Somewhere in the Far East, I had enquired about the possibility of having the Radio City Rockettes join us at the end of our show. When we finally got their budget, it proved to be way too expensive — and we hadn’t even brought up the subject of rehearsals… so I asked the band and dancers what they thought about developing our own tribute to the institution. I did a quick budget, and figured we would have more fun, and more financial wiggle room, if we just did it all ourselves.
Annie-B Parson agreed to compose a short dance that would merge into the existing choreography at the end of “Burning Down The House,” and finish with the iconographic kick line. We bought 30 tutus, and asked the new dancers to wear white. When I saw it begin to come together in rehearsals, I was ecstatic — the “tidal wave” entrance alone was spectacular — but, like the rest of the show, it was all sort of downtown spectacular — homemade, not too slick, precise but not cold.

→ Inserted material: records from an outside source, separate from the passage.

lemma volterra_kernel_approximation_rate:
  fixes k :: "real \<Rightarrow> real" and kn :: "nat \<Rightarrow> real \<Rightarrow> real" and r :: "nat \<Rightarrow> real"
  assumes BM: "std_brownian_motion M W" and T: "0 < T" and \<alpha>: "0 \<le> \<alpha>" and \<beta>: "0 \<le> \<beta>"
    and kc: "continuous_on {0..T} k" and kb: "\<And>x. x \<in> {0..T} \<Longrightarrow> \<bar>k x\<bar> \<le> B"
    and knc: "\<And>n. continuous_on {0..T} (kn n)" and knb: "\<And>n x. x \<in> {0..T} \<Longrightarrow> \<bar>kn n x\<bar> \<le> B"
    and err: "\<And>n x. 1 \<le> n \<Longrightarrow> x \<in> {0..T} \<Longrightarrow> \<bar>k x - kn n x\<bar> \<le> c * r n"
  shows "\<exists>C>0. \<forall>n::nat. n \<ge> 1 \<longrightarrow> (\<forall>u \<in> L2a M W T. \<forall>X Xn.
           volterra_solution M W T X0 \<alpha> \<beta> \<sigma> k u X \<longrightarrow>
           volterra_solution M W T X0 \<alpha> \<beta> \<sigma> (kn n) u Xn \<longrightarrow>
           (\<forall>t\<in>{0..T}. (\<integral>\<^sup>+\<omega>. ennreal ((X t \<omega> - Xn t \<omega>)\<^sup>2) \<partial>M)
              \<le> ennreal (C * (1 + L2norm_sq M T u) * (r n)\<^sup>2)))"
proof -
  obtain c0 c1 where c0: "0 \<le> c0" and c1: "0 \<le> c1"
    and XB: "\<And>u X t. u \<in> L2a M W T \<Longrightarrow> volterra_solution M W T X0 \<alpha> \<beta> \<sigma> k u X \<Longrightarrow> t \<in> {0..T} \<Longrightarrow>
               (\<integral>\<^sup>+\<omega>. ennreal ((X t \<omega>)\<^sup>2) \<partial>M) \<le> ennreal (c0 + c1 * L2norm_sq M T u)"
    using volterra_solution_mean_square_bound[OF BM T \<alpha> \<beta> kc kb, of X0 \<sigma>] by blast
  define G where "G = 2 + 2 * (\<beta> * B * exp (\<beta> * B * T))\<^sup>2 * T\<^sup>2"
  define a where "a = 4 * \<beta>\<^sup>2 * T\<^sup>2 * c0 + 2 * \<sigma>\<^sup>2 * T"
  define b where "b = 4 * \<alpha>\<^sup>2 * T + 4 * \<beta>\<^sup>2 * T\<^sup>2 * c1"
  define P where "P = G * (a + b)"
  have G0: "0 \<le> G" and a0: "0 \<le> a" and b0: "0 \<le> b"
    unfolding G_def a_def b_def using T c0 c1 by auto
  then have P0: "0 \<le> P" unfolding P_def by simp
  show ?thesis
  proof (intro exI[of _ "(P + 1) * (c\<^sup>2 + 1)"] conjI allI impI ballI)
    show "0 < (P + 1) * (c\<^sup>2 + 1)" using P0 by (simp add: add_nonneg_pos)
    fix n :: nat and u X Xn t
    assume n: "1 \<le> n" and uL: "u \<in> L2a M W T" and sol: "volterra_solution M W T X0 \<alpha> \<beta> \<sigma> k u X"
      and soln: "volterra_solution M W T X0 \<alpha> \<beta> \<sigma> (kn n) u Xn" and t: "t \<in> {0..T}"
    define \<delta> where "\<delta> = c * r n"
    define L where "L = L2norm_sq M T u"
    have L0: "0 \<le> L" unfolding L_def using T uL by (intro L2norm_sq_nonneg) auto
    have "(\<integral>\<^sup>+\<omega>. ennreal ((X t \<omega> - Xn t \<omega>)\<^sup>2) \<partial>M)
        \<le> ennreal (G * (4 * (\<delta> * \<alpha>)\<^sup>2 * (T * L) + 4 * (\<delta> * \<beta>)\<^sup>2 * (T * (T * (c0 + c1 * L)))
                       + 2 * (\<sigma>\<^sup>2 * (\<delta>\<^sup>2 * T))))"
      unfolding G_def L_def \<delta>_def
      by (rule volterra_solution_stability[OF BM T \<alpha> \<beta> uL sol soln kc knc kb knb err[OF n] XB[OF uL sol] _ t])
        (use c0 c1 L0 in \<open>auto simp: L_def\<close>)
    also have "G * (4 * (\<delta> * \<alpha>)\<^sup>2 * (T * L) + 4 * (\<delta> * \<beta>)\<^sup>2 * (T * (T * (c0 + c1 * L)))
                  + 2 * (\<sigma>\<^sup>2 * (\<delta>\<^sup>2 * T))) = c\<^sup>2 * (r n)\<^sup>2 * G * (a + b * L)"
      unfolding a_def b_def \<delta>_def by (simp add: power_mult_distrib power2_eq_square algebra_simps)
    also have "\<dots> \<le> c\<^sup>2 * (r n)\<^sup>2 * G * ((a + b) * (1 + L))"
      using a0 b0 L0 G0 by (intro mult_left_mono) (auto simp: algebra_simps)
    also have "\<dots> = (c\<^sup>2 * P) * ((1 + L) * (r n)\<^sup>2)"
      unfolding P_def by (simp add: algebra_simps)
    also have "\<dots> \<le> ((P + 1) * (c\<^sup>2 + 1)) * ((1 + L) * (r n)\<^sup>2)"
      using P0 L0 by (intro mult_right_mono) (auto simp: algebra_simps)
    finally show "(\<integral>\<^sup>+\<omega>. ennreal ((X t \<omega> - Xn t \<omega>)\<^sup>2) \<partial>M)
        \<le> ennreal ((P + 1) * (c\<^sup>2 + 1) * (1 + L2norm_sq M T u) * (r n)\<^sup>2)"
      unfolding L_def by (simp add: ennreal_leI order_trans mult.assoc)
  qed
qed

On my way home later, I witnessed a showdown for a parking space on my street. A woman, who was holding a space by standing in it, motioned to a slowing car to move on, but she was ignored. The car stopped, the woman shouted “no no” and “not available” and waved her hands around, but after a beat the car began to back into the space anyway. The woman held her ground. The last I saw, the passenger riding shotgun leaned out and said something like, “You can’t hold a parking space!” They were obviously prepared to use their car as a battering ram, and force the woman onto the sidewalk — and there’d be some unavoidable, nasty showdown when they exited the car. I sure wouldn’t want to leave my car on the street after making an enemy like that!